The allelic variability of the genes harbored by the three pathogenicity islands LEE, OI-122, and OI-57 has been investigated in the same study population used to assess the HReVAP performance. The clustering of the allelic signatures of the STEC strains of SPTs A and B produced a dendrogram whose branches segregated with the serogroups, with a few exceptions (Figure 3A). In particular, the cluster formed by STEC O157 strains appeared clearly distinct from the others and much more homogeneous, while the strains belonging to O111 and O26 serogroups were divided in two and three distinct clusters, respectively. Similar results were obtained when the cluster analysis was carried out separately using the allelic signatures produced with the ORFs of the LEE locus (Figure 3B) and of the PAI OI-122 only (Figure 3C). Such dendrograms displayed the same topology of that produced when the alleles of the complete ORFs panel were used but showed a lower intra-cluster resolution. More complex results were instead obtained from the HReVAP analysis of the genes conveyed by the OI-57, reflecting the highest variability observed in the ORFs of this PAI (Figure 3D). Even if the main groups corresponding to STEC serogroups O157, O111, and O26 could still be detected, the overall topology showed wider and less defined branches.

Figure 3

Clustering of the allelic signatures obtained with the HReVAP from STEC strains belonging to SPTs A and B. The different serogroups are labeled according to the following color legend: dark blue for O157, red for O26, green for O111, pale blue for O103, purple for O145, and black for O121. (A) Dendrogram of the allelic signatures from all the 91 ORFs. (B) Dendrogram of the allelic signatures obtained with the ORFs of the LEE locus. (C) Dendrogram of the allelic signatures obtained with the ORFs of the OI-122. (D) Dendrogram of the allelic signatures obtained with the ORFs of the OI-57. The topology of the dendrograms obtained with the EPEC isolates resembled that of those produced with the STEC of SPTs A and B allelic signatures.

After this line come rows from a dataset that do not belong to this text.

(* Let $g$ be a regular expression over an alphabet of symbols, and let $x$ be a symbol that occurs exactly once (syntactically) in $g$. Let $\bar{x}_L, \bar{x}_R, \bar{y}_L, \bar{y}_R$ be finite (possibly empty) sequences of symbols. If $\bar{x}_L\, x\, \bar{y}_R \in [\![ g ]\!]$ and $\bar{y}_L\, x\, \bar{x}_R \in [\![ g ]\!]$, then $\bar{x}_L\, x\, \bar{x}_R \in [\![ g ]\!]$.
   Context: Regular expressions are generated by: the empty regex $\epsilon$; a single symbol $x_0$; alternation $g_L \mid g_R$; sequencing (concatenation) $g_L\, g_R$; and Kleene star $g_0^*$. The language $[\![ g ]\!]$ is the set of finite symbol sequences denoted by $g$ in the standard way: $[\![\epsilon]\!] = \{\text{empty sequence}\}$, $[\![x_0]\!]=\{x_0\}$, $[\![g_L\mid g_R]\!]=[\![g_L]\!]\cup[\![g_R]\!]$, $[\![g_L\,g_R]\!]$ is the set of concatenations $uv$ with $u\in[\![g_L]\!]$, $v\in[\![g_R]\!]$, and $[\![g_0^*]\!]=\bigcup_{n\ge 0}[\![g_0^n]\!]$ where $g_0^0=\epsilon$ and $g_0^{n+1}=g_0\,g_0^{n}$. Juxtaposition of sequences and symbols denotes concatenation. *)

theory Defs
  imports Main
begin

datatype 'a rexp = Eps | Sym 'a | Alt "'a rexp" "'a rexp" | Seq "'a rexp" "'a rexp" | Star "'a rexp"

fun pow_lang :: "'a list set \<Rightarrow> nat \<Rightarrow> 'a list set" where
  "pow_lang L 0 = {[]}"
| "pow_lang L (Suc n) = {u @ v | u v. u \<in> L \<and> v \<in> pow_lang L n}"

fun lang :: "'a rexp \<Rightarrow> 'a list set" where
  "lang Eps = {[]}"
| "lang (Sym x) = {[x]}"
| "lang (Alt gl gr) = lang gl \<union> lang gr"
| "lang (Seq gl gr) = {u @ v | u v. u \<in> lang gl \<and> v \<in> lang gr}"
| "lang (Star g) = (\<Union>n. pow_lang (lang g) n)"

fun occ :: "'a \<Rightarrow> 'a rexp \<Rightarrow> nat" where
  "occ x Eps = 0"
| "occ x (Sym y) = (if x = y then 1 else 0)"
| "occ x (Alt gl gr) = occ x gl + occ x gr"
| "occ x (Seq gl gr) = occ x gl + occ x gr"
| "occ x (Star g) = occ x g"

end

theory Submission
  imports Defs
begin

text \<open>Call a language \<open>L\<close> exchange-closed at \<open>x\<close> if \<open>l x r' \<in> L\<close> and \<open>l' x r \<in> L\<close> imply
  \<open>l x r \<in> L\<close>, i.e. the pairs \<open>(l, r)\<close> with \<open>l x r \<in> L\<close> form a product set. Languages whose
  words avoid \<open>x\<close> and singletons \<open>{[y]}\<close> are exchange-closed; \<open>L\<^sup>*\<close> inherits the property from
  \<open>L\<close>, since a word of \<open>L\<^sup>*\<close> containing \<open>x\<close> factors through one iterate containing it; and
  \<open>A \<union> B\<close>, \<open>A B\<close> inherit it from \<open>A\<close> when the words of \<open>B\<close> avoid \<open>x\<close> (and symmetrically for
  \<open>B A\<close>), because then \<open>x\<close> always falls into the \<open>A\<close>-part. If \<open>x\<close> occurs once in \<open>g\<close>, at every
  alternation and sequence node one component has no occurrence of \<open>x\<close>, so induction on \<open>g\<close>
  shows that \<open>lang g\<close> is exchange-closed at \<open>x\<close>.\<close>

lemma append_eq_append_Cons_cases:
  assumes "u @ v = l @ x # r"
  obtains b where "u = l @ x # b" "r = b @ v"
    | c where "l = u @ c" "v = c @ x # r"
proof -
  obtain us where "u = l @ us \<and> us @ v = x # r \<or> u @ us = l \<and> v = us @ x # r"
    using assms unfolding append_eq_append_conv2 by blast
  then show thesis
    using that by (cases us) auto
qed

lemma append_eq_append_Cons_notin_right:
  assumes "u @ v = l @ x # r" "x \<notin> set v"
  obtains b where "u = l @ x # b" "r = b @ v"
  using assms by (cases rule: append_eq_append_Cons_cases) auto

lemma append_eq_append_Cons_notin_left:
  assumes "u @ v = l @ x # r" "x \<notin> set u"
  obtains c where "l = u @ c" "v = c @ x # r"
  using assms by (cases rule: append_eq_append_Cons_cases) auto

abbreviation conc :: "'a list set \<Rightarrow> 'a list set \<Rightarrow> 'a list set" where
  "conc A B \<equiv> {u @ v | u v. u \<in> A \<and> v \<in> B}"

lemma append_in_conc: "u \<in> A \<Longrightarrow> v \<in> B \<Longrightarrow> u @ v \<in> conc A B"
  by blast

lemma notin_set_pow_lang:
  "w \<in> pow_lang L n \<Longrightarrow> (\<And>v. v \<in> L \<Longrightarrow> x \<notin> set v) \<Longrightarrow> x \<notin> set w"
  by (induction n arbitrary: w) auto

lemma occ_eq_0_notin_lang: "occ x g = 0 \<Longrightarrow> w \<in> lang g \<Longrightarrow> x \<notin> set w"
proof (induction g arbitrary: w)
  case (Star g)
  then show ?case using notin_set_pow_lang[of w "lang g"] by auto
qed (auto split: if_splits)

lemma pow_lang_add:
  "u \<in> pow_lang L k \<Longrightarrow> v \<in> pow_lang L m \<Longrightarrow> u @ v \<in> pow_lang L (k + m)"
proof (induction k arbitrary: u)
  case (Suc k)
  then obtain u1 u2 where "u = u1 @ u2" "u1 \<in> L" "u2 \<in> pow_lang L k" by auto
  then show ?case using Suc.IH[of u2] Suc.prems by auto
qed simp

lemma pow_lang_split_at:
  assumes "l @ x # r \<in> pow_lang L n"
  obtains k m p a b s where "p \<in> pow_lang L k" "a @ x # b \<in> L" "s \<in> pow_lang L m"
    "l = p @ a" "r = b @ s"
  using assms
proof (induction n arbitrary: l thesis)
  case (Suc n)
  then obtain u v where uv: "u @ v = l @ x # r" "u \<in> L" "v \<in> pow_lang L n" by auto
  from uv(1) show thesis
  proof (cases rule: append_eq_append_Cons_cases)
    case (1 b)
    then show thesis using Suc.prems(1)[of "[]" 0 l b v n] uv by auto
  next
    case (2 c)
    with uv(3) Suc.IH obtain k m p a b s where
      "p \<in> pow_lang L k" "a @ x # b \<in> L" "s \<in> pow_lang L m" "c = p @ a" "r = b @ s"
      by metis
    moreover from this have "u @ p \<in> pow_lang L (Suc k)" using uv(2) by auto
    ultimately show thesis using 2 Suc.prems(1)[of "u @ p" "Suc k" a b s m] by simp
  qed
qed simp

definition exchange_closed :: "'a \<Rightarrow> 'a list set \<Rightarrow> bool" where
  "exchange_closed x L \<longleftrightarrow> (\<forall>l r l' r'. l @ x # r' \<in> L \<longrightarrow> l' @ x # r \<in> L \<longrightarrow> l @ x # r \<in> L)"

lemma exchange_closedI:
  "(\<And>l r l' r'. l @ x # r' \<in> L \<Longrightarrow> l' @ x # r \<in> L \<Longrightarrow> l @ x # r \<in> L) \<Longrightarrow> exchange_closed x L"
  unfolding exchange_closed_def by blast

lemma exchange_closedD:
  "exchange_closed x L \<Longrightarrow> l @ x # r' \<in> L \<Longrightarrow> l' @ x # r \<in> L \<Longrightarrow> l @ x # r \<in> L"
  unfolding exchange_closed_def by blast

lemma exchange_closed_if_notin_set: "(\<And>w. w \<in> L \<Longrightarrow> x \<notin> set w) \<Longrightarrow> exchange_closed x L"
  by (rule exchange_closedI) fastforce

lemma exchange_closed_singleton: "exchange_closed x {[y]}"
  by (rule exchange_closedI) (auto simp: append_eq_Cons_conv)

lemma exchange_closed_Un:
  assumes "exchange_closed x A" "\<And>w. w \<in> B \<Longrightarrow> x \<notin> set w"
  shows "exchange_closed x (A \<union> B)"
proof (rule exchange_closedI)
  fix l r l' r'
  assume "l @ x # r' \<in> A \<union> B" "l' @ x # r \<in> A \<union> B"
  then have "l @ x # r' \<in> A" "l' @ x # r \<in> A"
    using assms(2) by fastforce+
  with assms(1) have "l @ x # r \<in> A"
    by (rule exchange_closedD)
  then show "l @ x # r \<in> A \<union> B" ..
qed

lemma exchange_closed_conc_left:
  assumes "exchange_closed x A" "\<And>w. w \<in> B \<Longrightarrow> x \<notin> set w"
  shows "exchange_closed x (conc A B)"
proof (rule exchange_closedI)
  fix l r l' r'
  assume "l @ x # r' \<in> conc A B" "l' @ x # r \<in> conc A B"
  then obtain u v u' v' where uv: "u @ v = l @ x # r'" "u \<in> A" "v \<in> B"
    and uv': "u' @ v' = l' @ x # r" "u' \<in> A" "v' \<in> B"
    by auto
  obtain b where b: "u = l @ x # b" "r' = b @ v"
    by (rule append_eq_append_Cons_notin_right[OF uv(1) assms(2)[OF uv(3)]])
  obtain b' where b': "u' = l' @ x # b'" "r = b' @ v'"
    by (rule append_eq_append_Cons_notin_right[OF uv'(1) assms(2)[OF uv'(3)]])
  have "l @ x # b' \<in> A"
    using assms(1) uv(2) uv'(2) unfolding b(1) b'(1) by (rule exchange_closedD)
  from append_in_conc[OF this uv'(3)] show "l @ x # r \<in> conc A B"
    unfolding b'(2) by simp
qed

lemma exchange_closed_conc_right:
  assumes "\<And>w. w \<in> A \<Longrightarrow> x \<notin> set w" "exchange_closed x B"
  shows "exchange_closed x (conc A B)"
proof (rule exchange_closedI)
  fix l r l' r'
  assume "l @ x # r' \<in> conc A B" "l' @ x # r \<in> conc A B"
  then obtain u v u' v' where uv: "u @ v = l @ x # r'" "u \<in> A" "v \<in> B"
    and uv': "u' @ v' = l' @ x # r" "u' \<in> A" "v' \<in> B"
    by auto
  obtain c where c: "l = u @ c" "v = c @ x # r'"
    by (rule append_eq_append_Cons_notin_left[OF uv(1) assms(1)[OF uv(2)]])
  obtain c' where c': "l' = u' @ c'" "v' = c' @ x # r"
    by (rule append_eq_append_Cons_notin_left[OF uv'(1) assms(1)[OF uv'(2)]])
  have "c @ x # r \<in> B"
    using assms(2) uv(3) uv'(3) unfolding c(2) c'(2) by (rule exchange_closedD)
  from append_in_conc[OF uv(2) this] show "l @ x # r \<in> conc A B"
    unfolding c(1) by simp
qed

lemma exchange_closed_star:
  assumes "exchange_closed x L"
  shows "exchange_closed x (\<Union>n. pow_lang L n)"
proof (rule exchange_closedI)
  fix l r l' r'
  assume "l @ x # r' \<in> (\<Union>n. pow_lang L n)" "l' @ x # r \<in> (\<Union>n. pow_lang L n)"
  then obtain n n' where "l @ x # r' \<in> pow_lang L n" "l' @ x # r \<in> pow_lang L n'"
    by blast
  obtain k m p a b s where
    "p \<in> pow_lang L k" "a @ x # b \<in> L" "s \<in> pow_lang L m" "l = p @ a" "r' = b @ s"
    by (rule pow_lang_split_at[OF \<open>l @ x # r' \<in> pow_lang L n\<close>])
  obtain k' m' p' a' b' s' where
    "p' \<in> pow_lang L k'" "a' @ x # b' \<in> L" "s' \<in> pow_lang L m'" "l' = p' @ a'" "r = b' @ s'"
    by (rule pow_lang_split_at[OF \<open>l' @ x # r \<in> pow_lang L n'\<close>])
  have "a @ x # b' \<in> L"
    using assms \<open>a @ x # b \<in> L\<close> \<open>a' @ x # b' \<in> L\<close> by (rule exchange_closedD)
  then have "(a @ x # b') @ s' \<in> pow_lang L (Suc m')"
    using \<open>s' \<in> pow_lang L m'\<close> unfolding pow_lang.simps by (rule append_in_conc)
  with \<open>p \<in> pow_lang L k\<close> have "p @ (a @ x # b') @ s' \<in> pow_lang L (k + Suc m')"
    by (rule pow_lang_add)
  then have "l @ x # r \<in> pow_lang L (k + Suc m')"
    using \<open>l = p @ a\<close> \<open>r = b' @ s'\<close> by simp
  then show "l @ x # r \<in> (\<Union>n. pow_lang L n)"
    by blast
qed

lemma exchange_closed_lang: "occ x g \<le> 1 \<Longrightarrow> exchange_closed x (lang g)"
proof (induction g)
  case Eps
  show ?case by (rule exchange_closed_if_notin_set) simp
next
  case (Sym y)
  show ?case by (simp add: exchange_closed_singleton)
next
  case (Alt g1 g2)
  consider "occ x g1 \<le> 1" "occ x g2 = 0" | "occ x g1 = 0" "occ x g2 \<le> 1"
    using Alt.prems by fastforce
  then show ?case
  proof cases
    case 1
    from exchange_closed_Un[OF Alt.IH(1)[OF 1(1)] occ_eq_0_notin_lang[OF 1(2)]]
    show ?thesis by simp
  next
    case 2
    from exchange_closed_Un[OF Alt.IH(2)[OF 2(2)] occ_eq_0_notin_lang[OF 2(1)]]
    show ?thesis by (simp add: Un_commute)
  qed
next
  case (Seq g1 g2)
  consider "occ x g1 \<le> 1" "occ x g2 = 0" | "occ x g1 = 0" "occ x g2 \<le> 1"
    using Seq.prems by fastforce
  then show ?case
  proof cases
    case 1
    from exchange_closed_conc_left[OF Seq.IH(1)[OF 1(1)] occ_eq_0_notin_lang[OF 1(2)]]
    show ?thesis by simp
  next
    case 2
    from exchange_closed_conc_right[OF occ_eq_0_notin_lang[OF 2(1)] Seq.IH(2)[OF 2(2)]]
    show ?thesis by simp
  qed
next
  case (Star g)
  then show ?case by (simp add: exchange_closed_star)
qed

theorem mainTheorem1:
  fixes g :: "'a rexp" and x :: 'a and xL xR yL yR :: "'a list"
  assumes "occ x g = 1"
    and "xL @ [x] @ yR \<in> lang g"
    and "yL @ [x] @ xR \<in> lang g"
  shows "xL @ [x] @ xR \<in> lang g"
proof -
  have "exchange_closed x (lang g)"
    using assms(1) by (simp add: exchange_closed_lang)
  then show ?thesis
    using assms(2,3) exchange_closedD[of x "lang g" xL yR yL xR] by simp
qed

end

However, the higher variability of EPEC, together with the lower number of isolates tested, caused the output to be less definite (Figure 4).

Figure 4

Clustering of the allelic signatures obtained with the HReVAP from EPEC strains. The most represented serogroups are labeled according to the following color legend: red for O26, violet for O55, and blue-green for O127. (A) Dendrogram of the allelic signatures from all the 91 ORFs. (B) Dendrogram of the allelic signatures obtained with the ORFs of the LEE locus. (C) Dendrogram of the allelic signatures obtained with the ORFs of the OI-122. (D) Dendrogram of the allelic signatures obtained with the ORFs of the OI-57. As for the eae-negative STEC strains, the cluster analysis of the allelic signatures was carried out exploiting the observed positivity to many of the ORFs of the OI-57. Although based on a smaller number of targets, this analysis showed a massive variability in the allelic signatures, yet able to distinguish and group different populations of strains (Figure 5).

Figure 5

Clustering of the allelic signatures obtained with the HReVAP from the . Dendrogram of the allelic signatures obtained with the ORFs of the OI-57. The most represented serogroups are labeled according to the following color legend: crimson for O113, green for O111, pale blue for O103, orange for O91, and brown for O117.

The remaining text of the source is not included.